Stabilization of a Clayey Soil with Ladle Metallurgy Furnace Slag Fines

Alexander S. Brand, Punit Singhvi, Ebenezer O. Fanijo, Erol Tutumluer

Research output: Contribution to journalArticlepeer-review


The research study described in this paper investigated the potential to use steel furnace slag (SFS) as a stabilizing additive for clayey soils. Even though SFS has limited applications in civil engineering infrastructure due to the formation of deleterious expansion in the presence of water, the free CaO and free MgO contents allow for the SFS to be a potentially suitable candidate for clayey soil stabilization and improvement. In this investigation, a kaolinite clay was stabilized with 10% and 15% ladle metallurgy furnace (LMF) slag fines by weight. This experimental study also included testing of the SFS mixtures with the activator calcium chloride (CaCl2), which was hypothesized to accelerate the hydration of the dicalcium silicate phase in the SFS, but the results show that the addition of CaCl2 was not found to be effective. Relative to the unmodified clay, the unconfined compressive strength increased by 67% and 91% when 10% and 15% LMF slag were utilized, respectively.
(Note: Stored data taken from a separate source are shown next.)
lemma gabriel_topology_mono:
  "gabriel_topology F \<Longrightarrow> A \<in> F \<Longrightarrow> is_ideal B \<Longrightarrow> A \<subseteq> B \<Longrightarrow> B \<in> F"
  unfolding gabriel_topology_def by blast

lemma gabriel_topology_colonI:
  "gabriel_topology F \<Longrightarrow> is_ideal B \<Longrightarrow> A \<in> F \<Longrightarrow>
    (\<And>r. r \<in> A \<Longrightarrow> colon_ideal B r \<in> F) \<Longrightarrow> B \<in> F"
  unfolding gabriel_topology_def by (elim conjE) blast

lemma UNIV_in_gabriel_topology:
  assumes "gabriel_topology F"
  shows "UNIV \<in> F"
proof -
  have "F \<noteq> {}"
    using assms unfolding gabriel_topology_def by (elim conjE)
  then obtain A where "A \<in> F"
    by blast
  moreover have "is_ideal UNIV" unfolding is_ideal_def by simp
  ultimately show ?thesis
    using gabriel_topology_mono[OF assms] by blast
qed

lemma noetherian_ring_maximal_ideal_in:
  assumes "noetherian_ring TYPE('a::comm_ring_1)"
    and "B \<in> S" and S: "\<forall>J\<in>S. is_ideal (J :: 'a set)"
  shows "\<exists>M\<in>S. \<forall>J\<in>S. \<not> M \<subset> J"
proof (rule ccontr)
  assume "\<not> ?thesis"
  then have "\<exists>J'. J' \<in> S \<and> J \<subset> J'" if "J \<in> S" for J
    using that by blast
  then have "\<exists>f. \<forall>n. f n \<in> S \<and> f n \<subset> f (Suc n)"
    using \<open>B \<in> S\<close>
    by (intro dependent_nat_choice[where P = "\<lambda>_ J. J \<in> S" and Q = "\<lambda>_ J J'. J \<subset> J'"]) auto
  then obtain f where f: "\<And>n. f n \<in> S" "\<And>n. f n \<subset> f (Suc n)"
    by blast
  have "(\<forall>n. is_ideal (f n)) \<and> (\<forall>n. f n \<subseteq> f (Suc n))"
    using f S by blast
  moreover have "(\<forall>n. is_ideal (f n)) \<and> (\<forall>n. f n \<subseteq> f (Suc n)) \<longrightarrow> (\<exists>n. \<forall>m\<ge>n. f m = f n)"
    using assms(1) unfolding noetherian_ring_def by (rule spec)
  ultimately obtain n where "\<forall>m\<ge>n. f m = f n"
    by blast
  then have "f (Suc n) = f n"
    using le_SucI by blast
  with f(2)[of n] show False by simp
qed

lemma prime_ideal_if_maximal_not_in_gabriel_topology:
  assumes G: "gabriel_topology F"
    and M: "is_ideal M" "M \<notin> F"
    and above: "\<And>J. is_ideal J \<Longrightarrow> M \<subset> J \<Longrightarrow> J \<in> F"
  shows "prime_ideal M"
proof -
  have "a \<in> M \<or> b \<in> M" if ab: "a * b \<in> M" for a b
  proof (rule ccontr)
    assume nab: "\<not> (a \<in> M \<or> b \<in> M)"
    have adjoin: "ideal_adjoin M a \<in> F"
      using above[OF is_ideal_ideal_adjoin[OF M(1)]] subset_ideal_adjoin[of M a]
        mem_ideal_adjoin[OF M(1)] nab by blast
    have "M \<subseteq> colon_ideal M a"
    proof
      fix x assume "x \<in> M"
      then have "a * x \<in> M"
        using M(1) unfolding is_ideal_def by blast
      then show "x \<in> colon_ideal M a"
        unfolding colon_ideal_def by (simp add: mult.commute)
    qed
    moreover have "b \<in> colon_ideal M a"
      using ab unfolding colon_ideal_def by (simp add: mult.commute)
    ultimately have colon: "colon_ideal M a \<in> F"
      using above[OF is_ideal_colon_ideal[OF M(1)]] nab by blast
    have "colon_ideal M r \<in> F" if "r \<in> ideal_adjoin M a" for r
      using gabriel_topology_mono[OF G colon is_ideal_colon_ideal[OF M(1)]]
        colon_ideal_ideal_adjoin[OF M(1) that] .
    then have "M \<in> F"
      using gabriel_topology_colonI[OF G M(1) adjoin] by blast
    with M(2) show False ..
  qed
  moreover have "M \<noteq> UNIV"
    using UNIV_in_gabriel_topology[OF G] M(2) by blast
  ultimately show ?thesis
    using M(1) unfolding prime_ideal_def by blast
qed

lemma prime_ideal_not_in_gabriel_topology_above:
  assumes "noetherian_ring TYPE('a::comm_ring_1)"
    and G: "gabriel_topology F"
    and B: "is_ideal (B :: 'a set)" "B \<notin> F"
  shows "\<exists>Q. prime_ideal Q \<and> Q \<notin> F \<and> B \<subseteq> Q"
proof -
  define S where "S = {J. is_ideal J \<and> B \<subseteq> J \<and> J \<notin> F}"
  obtain M where "M \<in> S" and max: "\<forall>J\<in>S. \<not> M \<subset> J"
    using noetherian_ring_maximal_ideal_in[OF assms(1), of B S] B
    unfolding S_def by blast
  then have M: "is_ideal M" "B \<subseteq> M" "M \<notin> F"
    unfolding S_def by auto
  have "prime_ideal M"
  proof (rule prime_ideal_if_maximal_not_in_gabriel_topology[OF G M(1,3)])
    show "J \<in> F" if "is_ideal J" "M \<subset> J" for J
      using max M(2) that unfolding S_def by blast
  qed
  with M show ?thesis by blast
qed

lemma F_star_ideal_adjoin_in:
  assumes "noetherian_ring TYPE('a::comm_ring_1)"
    and G: "gabriel_topology F" and P: "P \<in> F_star F" and "(d :: 'a) \<notin> P"
  shows "ideal_adjoin P d \<in> F"
proof (rule ccontr)
  assume "ideal_adjoin P d \<notin> F"
  moreover have P_ideal: "is_ideal P"
    using P unfolding F_star_def prime_ideal_def by blast
  ultimately obtain Q where Q: "prime_ideal Q" "Q \<notin> F" "ideal_adjoin P d \<subseteq> Q"
    using prime_ideal_not_in_gabriel_topology_above[OF assms(1) G is_ideal_ideal_adjoin]
    by blast
  then have "Q = P"
    using P subset_ideal_adjoin[of P d] unfolding F_star_def by blast
  with Q(3) mem_ideal_adjoin[OF P_ideal] \<open>d \<notin> P\<close> show False by blast
qed

lemma F_star_not_subset:
  assumes G: "gabriel_topology F" and P: "P \<in> F_star F" and "A \<in> F"
  shows "\<not> A \<subseteq> P"
  using gabriel_topology_mono[OF G \<open>A \<in> F\<close>, of P] P
  unfolding F_star_def prime_ideal_def by blast

lemma (in module) scale_ideal_adjoin:
  assumes "\<forall>p\<in>P. \<forall>x. scale p x = 0" and "r \<in> ideal_adjoin P d"
  shows "\<exists>s. scale r x = scale d (scale s x)"
proof -
  obtain p s where "r = p + s * d" "p \<in> P"
    using assms(2) unfolding ideal_adjoin_def by blast
  then have "scale r x = scale d (scale s x)"
    using assms(1) by (simp add: scale_left_distrib mult.commute)
  then show ?thesis ..
qed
Likewise, the dynamic modulus increased by 212% and 221% by adding 10% and 15% LMF slag, respectively. Specifically, the LMF slag fines are posited to primarily contribute to a mechanical rather than chemical stabilization mechanism. Overall, these findings suggest the effective utilization of SFS as a soil stabilization admixture to overcome problems associated with dispersive soils, but further research is required.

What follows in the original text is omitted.